→ **Dataset**:
(* Let $R=k[x_1,\ldots,x_m]$ be a polynomial ring over a field $k$ with graded maximal ideal $\mathfrak m=(x_1,\ldots,x_m)$, and let $I_1,I_2$ be non-zero proper monomial ideals of $R$ such that $\partial^*(I_1)\subseteq I_2$. Then $I_1\subseteq \mathfrak m I_2$, and there exists a map $\phi:\mathcal G(I_1)\to\mathcal G(I_2)$ such that for every non-empty subset $G'\subseteq \mathcal G(I_1)$, the monomial $\operatorname{lcm} G'$ belongs to the ideal $(\operatorname{lcm}\phi(G'))\mathfrak m$.
   Context: For a monomial ideal $L$, $\mathcal G(L)$ is its set of minimal monomial generators, and $\partial^*(L)$ is the ideal generated by all monomials $f/x_i$, where $f\in\mathcal G(L)$ and $x_i$ is a variable dividing $f$. For a set $G'$ of monomials, $\operatorname{lcm}G'$ is the least common multiple of its elements. *)

theory Defs
  imports Main
begin

text \<open>Monomials of k[x_v : v in 'v] ('v a finite type of variables, m = CARD('v)) are
exponent vectors 'v => nat.
A monomial ideal of R is determined by (and identified with) the set of monomials it contains;
such a set is exactly a set closed under multiplication by monomials (upward closed).\<close>

type_synonym 'v monomial = "'v \<Rightarrow> nat"

definition mdvd :: "'v monomial \<Rightarrow> 'v monomial \<Rightarrow> bool" where
  "mdvd a b \<longleftrightarrow> (\<forall>i. a i \<le> b i)"

definition mmult :: "'v monomial \<Rightarrow> 'v monomial \<Rightarrow> 'v monomial" where
  "mmult a b = (\<lambda>i. a i + b i)"

definition one_mon :: "'v monomial" where
  "one_mon = (\<lambda>i. 0)"

definition var_mon :: "'v \<Rightarrow> 'v monomial" where
  "var_mon i = (\<lambda>j. if j = i then 1 else 0)"

definition monomial_ideal :: "'v monomial set \<Rightarrow> bool" where
  "monomial_ideal I \<longleftrightarrow> (\<forall>a\<in>I. \<forall>b. mdvd a b \<longrightarrow> b \<in> I)"

definition gen_ideal :: "'v monomial set \<Rightarrow> 'v monomial set" where
  "gen_ideal S = {u. \<exists>s\<in>S. mdvd s u}"

definition mingens :: "'v monomial set \<Rightarrow> 'v monomial set" where
  "mingens L = {f\<in>L. \<forall>g\<in>L. mdvd g f \<longrightarrow> g = f}"

definition dstar :: "'v monomial set \<Rightarrow> 'v monomial set" where
  "dstar L = gen_ideal {g. \<exists>f\<in>mingens L. \<exists>i. mdvd (var_mon i) f \<and> mmult g (var_mon i) = f}"

definition max_times :: "'v monomial set \<Rightarrow> 'v monomial set" where
  "max_times L = gen_ideal {mmult g (var_mon i) | g i. g \<in> L}"

definition mlcm :: "'v monomial set \<Rightarrow> 'v monomial" where
  "mlcm S = (\<lambda>i. Max ((\<lambda>f. f i) ` S))"

end

theory Submission
  imports Defs "HOL.Topological_Spaces"
begin

text \<open>Fix a linear order of the variables. A minimal generator \<open>f\<close> of \<open>I\<^sub>1\<close> is divisible
by its largest variable \<open>x\<^sub>j\<close>, and \<open>f/x\<^sub>j \<in> \<partial>*(I\<^sub>1) \<subseteq> I\<^sub>2\<close> is divisible by a minimal generator
\<open>\<phi>(f)\<close> of \<open>I\<^sub>2\<close>; in particular \<open>I\<^sub>1 \<subseteq> \<^bold>m I\<^sub>2\<close>. Given \<open>G'\<close>, let \<open>x\<^sub>j\<close> be the largest variable
dividing \<open>lcm G'\<close>. A generator \<open>f \<in> G'\<close> either has a smaller \<open>x\<^sub>j\<close>-exponent than \<open>lcm G'\<close>, or
attains it, and then \<open>x\<^sub>j\<close> is also the largest variable of \<open>f\<close>, so that \<open>\<phi>(f) x\<^sub>j\<close> divides \<open>f\<close>.
Either way \<open>\<phi>(f) x\<^sub>j\<close> divides \<open>lcm G'\<close>, hence so does \<open>lcm \<phi>(G') x\<^sub>j\<close>. The lcm is
well defined because \<open>\<G>(I\<^sub>1)\<close> is finite by Dickson's lemma.\<close>

lemma mdvd_iff_le: "mdvd a b \<longleftrightarrow> a \<le> b"
  by (simp add: mdvd_def le_fun_def)

lemma mmult_var_mon_apply: "mmult g (var_mon i) j = g j + (if j = i then 1 else 0)"
  by (simp add: mmult_def var_mon_def)

lemma mem_max_times_iff: "u \<in> max_times L \<longleftrightarrow> (\<exists>g\<in>L. \<exists>i. mdvd (mmult g (var_mon i)) u)"
  by (auto simp: max_times_def gen_ideal_def)

lemma ex_pos_if_ne_one_mon: "g \<noteq> one_mon \<Longrightarrow> \<exists>i. 0 < g i"
  by (auto simp: one_mon_def)

lemma incseq_subseq_nat:
  fixes s :: "nat \<Rightarrow> nat"
  shows "\<exists>r. strict_mono r \<and> incseq (s \<circ> r)"
proof -
  obtain r :: "nat \<Rightarrow> nat" where r: "strict_mono r" "monoseq (s \<circ> r)"
    using seq_monosub[of s] by (auto simp: comp_def)
  show ?thesis
  proof (cases "incseq (s \<circ> r)")
    case True
    with r show ?thesis by blast
  next
    case False
    with r have dec: "decseq (s \<circ> r)" by (simp add: monoseq_iff)
    obtain N where N: "\<And>n. s (r N) \<le> s (r n)"
      using ex_has_least_nat[of "\<lambda>_. True" 0 "\<lambda>n. s (r n)"] by blast
    \<comment> \<open>a non-increasing sequence of naturals is constant from its minimum on\<close>
    have const: "s (r (n + N)) = s (r N)" for n
      using N[of "n + N"] decseqD[OF dec, of N "n + N"] by simp
    have "strict_mono (\<lambda>n. r (n + N))"
      using r(1) by (simp add: strict_mono_def)
    moreover have "incseq (s \<circ> (\<lambda>n. r (n + N)))"
      by (simp add: incseq_def const)
    ultimately show ?thesis by blast
  qed
qed

lemma dickson:
  fixes f :: "nat \<Rightarrow> 'v::finite \<Rightarrow> nat"
  shows "\<exists>r. strict_mono r \<and> incseq (f \<circ> r)"
proof -
  have "\<exists>r. strict_mono r \<and> (\<forall>k\<in>D. incseq (\<lambda>n. f (r n) k))" for D :: "'v set"
    using finite[of D]
  proof (induction D rule: finite_induct)
    case empty
    have "strict_mono (id :: nat \<Rightarrow> nat)" by (simp add: strict_mono_def)
    then show ?case by blast
  next
    case (insert k D)
    then obtain r where r: "strict_mono r" "\<And>k. k \<in> D \<Longrightarrow> incseq (\<lambda>n. f (r n) k)"
      by blast
    obtain r' where r': "strict_mono r'" "incseq ((\<lambda>n. f (r n) k) \<circ> r')"
      using incseq_subseq_nat[of "\<lambda>n. f (r n) k"] by blast
    have "incseq (\<lambda>n. f (r (r' n)) k')" if "k' \<in> insert k D" for k'
    proof (cases "k' = k")
      case True
      with r'(2) show ?thesis by (simp add: comp_def)
    next
      case False
      with that have "incseq (\<lambda>n. f (r n) k')" using r(2) by simp
      then show ?thesis
        using strict_mono_mono[OF r'(1)] by (intro monoI) (meson monoD)
    qed
    moreover have "strict_mono (r \<circ> r')"
      using r(1) r'(1) by (rule strict_mono_o)
    ultimately show ?case by auto
  qed
  from this[of UNIV] obtain r where r: "strict_mono r" "\<And>k. incseq (\<lambda>n. f (r n) k)"
    by blast
  have "incseq (f \<circ> r)"
  proof (rule monoI)
    fix m n :: nat
    assume "m \<le> n"
    then show "(f \<circ> r) m \<le> (f \<circ> r) n"
      using monoD[OF r(2)] by (simp add: le_fun_def)
  qed
  with r(1) show ?thesis by blast
qed

lemma finite_mingens:
  fixes L :: "('v::finite) monomial set"
  shows "finite (mingens L)"
proof (rule ccontr)
  assume "infinite (mingens L)"
  then obtain f :: "nat \<Rightarrow> 'v monomial" where f: "inj f" "range f \<subseteq> mingens L"
    using infinite_countable_subset by blast
  obtain r :: "nat \<Rightarrow> nat" where r: "strict_mono r" "incseq (f \<circ> r)"
    using dickson by blast
  have "f (r 0) \<le> f (r 1)" "f (r 0) \<in> L" "f (r 1) \<in> mingens L"
    using r(2) f(2) by (auto simp: incseq_def mingens_def dest!: range_subsetD)
  then have "f (r 0) = f (r 1)"
    by (auto simp: mingens_def mdvd_iff_le)
  with f(1) have "r 0 = r 1" by (simp add: inj_eq)
  with r(1) show False by (simp add: strict_mono_eq)
qed

lemma ex_mingens_mdvd:
  fixes L :: "('v::finite) monomial set"
  assumes "u \<in> L"
  shows "\<exists>g\<in>mingens L. mdvd g u"
proof -
  let ?S = "{g\<in>L. mdvd g u}"
  have "u \<in> ?S" using assms by (simp add: mdvd_def)
  then obtain g where g: "g \<in> ?S" and least: "\<And>h. h \<in> ?S \<Longrightarrow> sum g UNIV \<le> sum h UNIV"
    using ex_has_least_nat[of "\<lambda>g. g \<in> ?S" u "\<lambda>g. sum g UNIV"] by blast
  \<comment> \<open>a proper divisor has a strictly smaller total degree\<close>
  have "h = g" if "h \<in> L" "mdvd h g" for h
  proof (rule ccontr)
    assume "h \<noteq> g"
    with that(2) have "\<forall>i\<in>UNIV. h i \<le> g i" "\<exists>i\<in>UNIV. h i < g i"
      by (auto simp: mdvd_def fun_eq_iff) (meson le_neq_trans)
    then have "sum h UNIV < sum g UNIV"
      by (intro sum_strict_mono_ex1) simp_all
    moreover have "h \<in> ?S" using that g by (auto simp: mdvd_iff_le)
    ultimately show False using least by fastforce
  qed
  with g show ?thesis by (auto simp: mingens_def)
qed

lemma ex_mingens_times_var_mdvd:
  fixes L :: "('v::finite) monomial set"
  assumes "dstar L \<subseteq> I" "g \<in> mingens L" "0 < g i"
  shows "\<exists>h\<in>mingens I. mdvd (mmult h (var_mon i)) g"
proof -
  define q where "q = (\<lambda>j. g j - (if j = i then 1 else 0))"
  have q: "mmult q (var_mon i) = g"
    using assms(3) by (auto simp: q_def mmult_var_mon_apply)
  moreover have "mdvd (var_mon i) g"
    using assms(3) by (auto simp: mdvd_def var_mon_def)
  ultimately have "q \<in> dstar L"
    using assms(2) by (auto simp: dstar_def gen_ideal_def mdvd_def)
  with assms(1) obtain h where h: "h \<in> mingens I" "mdvd h q"
    using ex_mingens_mdvd by blast
  then have "mdvd (mmult h (var_mon i)) g"
    using q by (auto simp: mdvd_def mmult_def)
  with h(1) show ?thesis by blast
qed

lemma mdvd_mlcm: "finite G \<Longrightarrow> f \<in> G \<Longrightarrow> mdvd f (mlcm G)"
  by (auto simp: mdvd_def mlcm_def)

lemma mlcm_mdvd:
  "finite G \<Longrightarrow> G \<noteq> {} \<Longrightarrow> (\<And>f. f \<in> G \<Longrightarrow> mdvd f u) \<Longrightarrow> mdvd (mlcm G) u"
  by (auto simp: mdvd_def mlcm_def)

lemma mlcm_image_mmult:
  "finite G \<Longrightarrow> G \<noteq> {} \<Longrightarrow> mlcm ((\<lambda>g. mmult g u) ` G) = mmult (mlcm G) u"
  by (simp add: mlcm_def mmult_def image_image Max_add_commute)

definition max_var :: "('v \<Rightarrow> 'b::linorder) \<Rightarrow> 'v monomial \<Rightarrow> 'v" where
  "max_var \<nu> f = (ARG_MAX \<nu> i. 0 < f i)"

lemma max_var:
  fixes \<nu> :: "'v::finite \<Rightarrow> 'b::linorder"
  assumes "\<exists>i. 0 < f i"
  shows "0 < f (max_var \<nu> f) \<and> (\<forall>j. 0 < f j \<longrightarrow> \<nu> j \<le> \<nu> (max_var \<nu> f))"
proof -
  let ?S = "{j. 0 < f j}"
  have fin: "finite (\<nu> ` ?S)" using finite by (rule finite_imageI)
  have ne: "\<nu> ` ?S \<noteq> {}" using assms by simp
  obtain i where i: "i \<in> ?S" "\<nu> i = Max (\<nu> ` ?S)"
    using Max_in[OF fin ne] by (metis imageE)
  have "\<nu> j \<le> \<nu> i" if "0 < f j" for j
    using Max_ge[OF fin] that i(2) by simp
  with i(1) show ?thesis
    unfolding max_var_def
    by (intro arg_maxI[where Q = "\<lambda>m. 0 < f m \<and> (\<forall>j. 0 < f j \<longrightarrow> \<nu> j \<le> \<nu> m)"])
      (auto simp: not_less)
qed

lemma max_var_eqI:
  assumes "inj \<nu>" "0 < f i" "\<And>j. 0 < f j \<Longrightarrow> \<nu> j \<le> \<nu> i"
  shows "max_var \<nu> f = i"
proof -
  have "\<nu> (max_var \<nu> f) = \<nu> i"
    unfolding max_var_def using assms(2,3) by (rule arg_max_equality)
  with assms(1) show ?thesis by (simp add: inj_eq)
qed

lemma mlcm_times_max_var_mdvd:
  fixes G :: "('v::finite) monomial set" and \<nu> :: "'v \<Rightarrow> 'b::linorder"
  assumes "inj \<nu>" "finite G" "G \<noteq> {}" "one_mon \<notin> G"
    and h: "\<And>f. f \<in> G \<Longrightarrow> mdvd (mmult (h f) (var_mon (max_var \<nu> f))) f"
  shows "mdvd (mmult (mlcm (h ` G)) (var_mon (max_var \<nu> (mlcm G)))) (mlcm G)"
proof -
  define l where "l = mlcm G"
  define j where "j = max_var \<nu> l"
  have f_le_l: "f \<le> l" if "f \<in> G" for f
    using mdvd_mlcm[OF assms(2) that] by (simp add: l_def mdvd_iff_le)
  have "\<exists>i. 0 < l i"
    using assms(3,4) f_le_l ex_pos_if_ne_one_mon
    by (metis all_not_in_conv le_funD less_le_trans)
  then have j: "0 < l j" "\<And>k. 0 < l k \<Longrightarrow> \<nu> k \<le> \<nu> j"
    using max_var[of l \<nu>] by (auto simp: j_def)
  have "mdvd (mmult (h f) (var_mon j)) l" if f: "f \<in> G" for f
  proof -
    have hf: "mdvd (mmult (h f) (var_mon (max_var \<nu> f))) f" using h[OF f] .
    then have "h f \<le> f"
      by (auto simp: mdvd_def le_fun_def mmult_var_mon_apply) (metis add_leD1)
    consider "f j < l j" | "f j = l j"
      using f_le_l[OF f] by (metis le_funD le_neq_trans)
    then show ?thesis
    proof cases
      case 1
      with \<open>h f \<le> f\<close> f_le_l[OF f] show ?thesis
        by (auto simp: mdvd_def le_fun_def mmult_var_mon_apply intro: le_trans)
          (meson Suc_leI le_less_trans)
    next
      case 2
      \<comment> \<open>the support of \<open>f\<close> lies in that of \<open>l\<close>, so \<open>x\<^sub>j\<close> is the largest variable of \<open>f\<close> too\<close>
      have "max_var \<nu> f = j"
        using f_le_l[OF f] j 2
        by (intro max_var_eqI[OF assms(1)]) (auto simp: le_fun_def dest: less_le_trans)
      with hf f_le_l[OF f] show ?thesis
        by (auto simp: mdvd_iff_le)
    qed
  qed
  then have "mdvd (mlcm ((\<lambda>g. mmult g (var_mon j)) ` h ` G)) l"
    using assms(2,3) by (intro mlcm_mdvd) auto
  then show ?thesis
    using assms(2,3) by (simp add: mlcm_image_mmult l_def j_def)
qed

theorem proposition4p4:
  fixes I1 I2 :: "('v::finite) monomial set"
  assumes "monomial_ideal I1" and "monomial_ideal I2"
    and "I1 \<noteq> {}" and "I2 \<noteq> {}"
    and "one_mon \<notin> I1" and "one_mon \<notin> I2"
    and "dstar I1 \<subseteq> I2"
  shows "I1 \<subseteq> max_times I2 \<and>
    (\<exists>\<phi>. (\<forall>f\<in>mingens I1. \<phi> f \<in> mingens I2) \<and>
         (\<forall>G'. G' \<subseteq> mingens I1 \<and> G' \<noteq> {} \<longrightarrow>
               mlcm G' \<in> max_times (gen_ideal {mlcm (\<phi> ` G')})))"
proof -
  obtain \<nu> :: "'v \<Rightarrow> nat" where \<nu>: "inj \<nu>"
    using finite_imp_inj_to_nat_seg[of "UNIV :: 'v set"] by auto
  have "\<exists>h\<in>mingens I2. mdvd (mmult h (var_mon (max_var \<nu> f))) f" if f: "f \<in> mingens I1" for f
  proof (rule ex_mingens_times_var_mdvd[OF assms(7) f])
    have "f \<noteq> one_mon" using f assms(5) by (auto simp: mingens_def)
    then have "\<exists>i. 0 < f i" by (rule ex_pos_if_ne_one_mon)
    then show "0 < f (max_var \<nu> f)" by (simp add: max_var)
  qed
  then obtain \<phi> where \<phi>: "\<And>f. f \<in> mingens I1 \<Longrightarrow>
      \<phi> f \<in> mingens I2 \<and> mdvd (mmult (\<phi> f) (var_mon (max_var \<nu> f))) f"
    by metis
  have "I1 \<subseteq> max_times I2"
  proof
    fix u assume "u \<in> I1"
    then obtain f where f: "f \<in> mingens I1" "mdvd f u" using ex_mingens_mdvd by blast
    with \<phi> have "mdvd (mmult (\<phi> f) (var_mon (max_var \<nu> f))) u"
      by (meson mdvd_iff_le order_trans)
    moreover have "\<phi> f \<in> I2" using \<phi>[OF f(1)] by (simp add: mingens_def)
    ultimately show "u \<in> max_times I2" by (auto simp: mem_max_times_iff)
  qed
  moreover have "mlcm G' \<in> max_times (gen_ideal {mlcm (\<phi> ` G')})"
    if G': "G' \<subseteq> mingens I1" "G' \<noteq> {}" for G'
  proof -
    have "finite G'" using finite_subset[OF G'(1) finite_mingens] .
    moreover have "one_mon \<notin> G'" using G'(1) assms(5) by (auto simp: mingens_def)
    ultimately have "mdvd (mmult (mlcm (\<phi> ` G')) (var_mon (max_var \<nu> (mlcm G')))) (mlcm G')"
      using G' \<phi> by (intro mlcm_times_max_var_mdvd[OF \<nu>]) auto
    then show ?thesis by (auto simp: mem_max_times_iff gen_ideal_def mdvd_iff_le)
  qed
  ultimately show ?thesis using \<phi> by blast
qed

end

→ **Exercise**:
All lines with the string "True" must be copied from the data.

→ **Output**:
    case True
      using ex_has_least_nat[of "\<lambda>_. True" 0 "\<lambda>n. s (r n)"] by blast
      case True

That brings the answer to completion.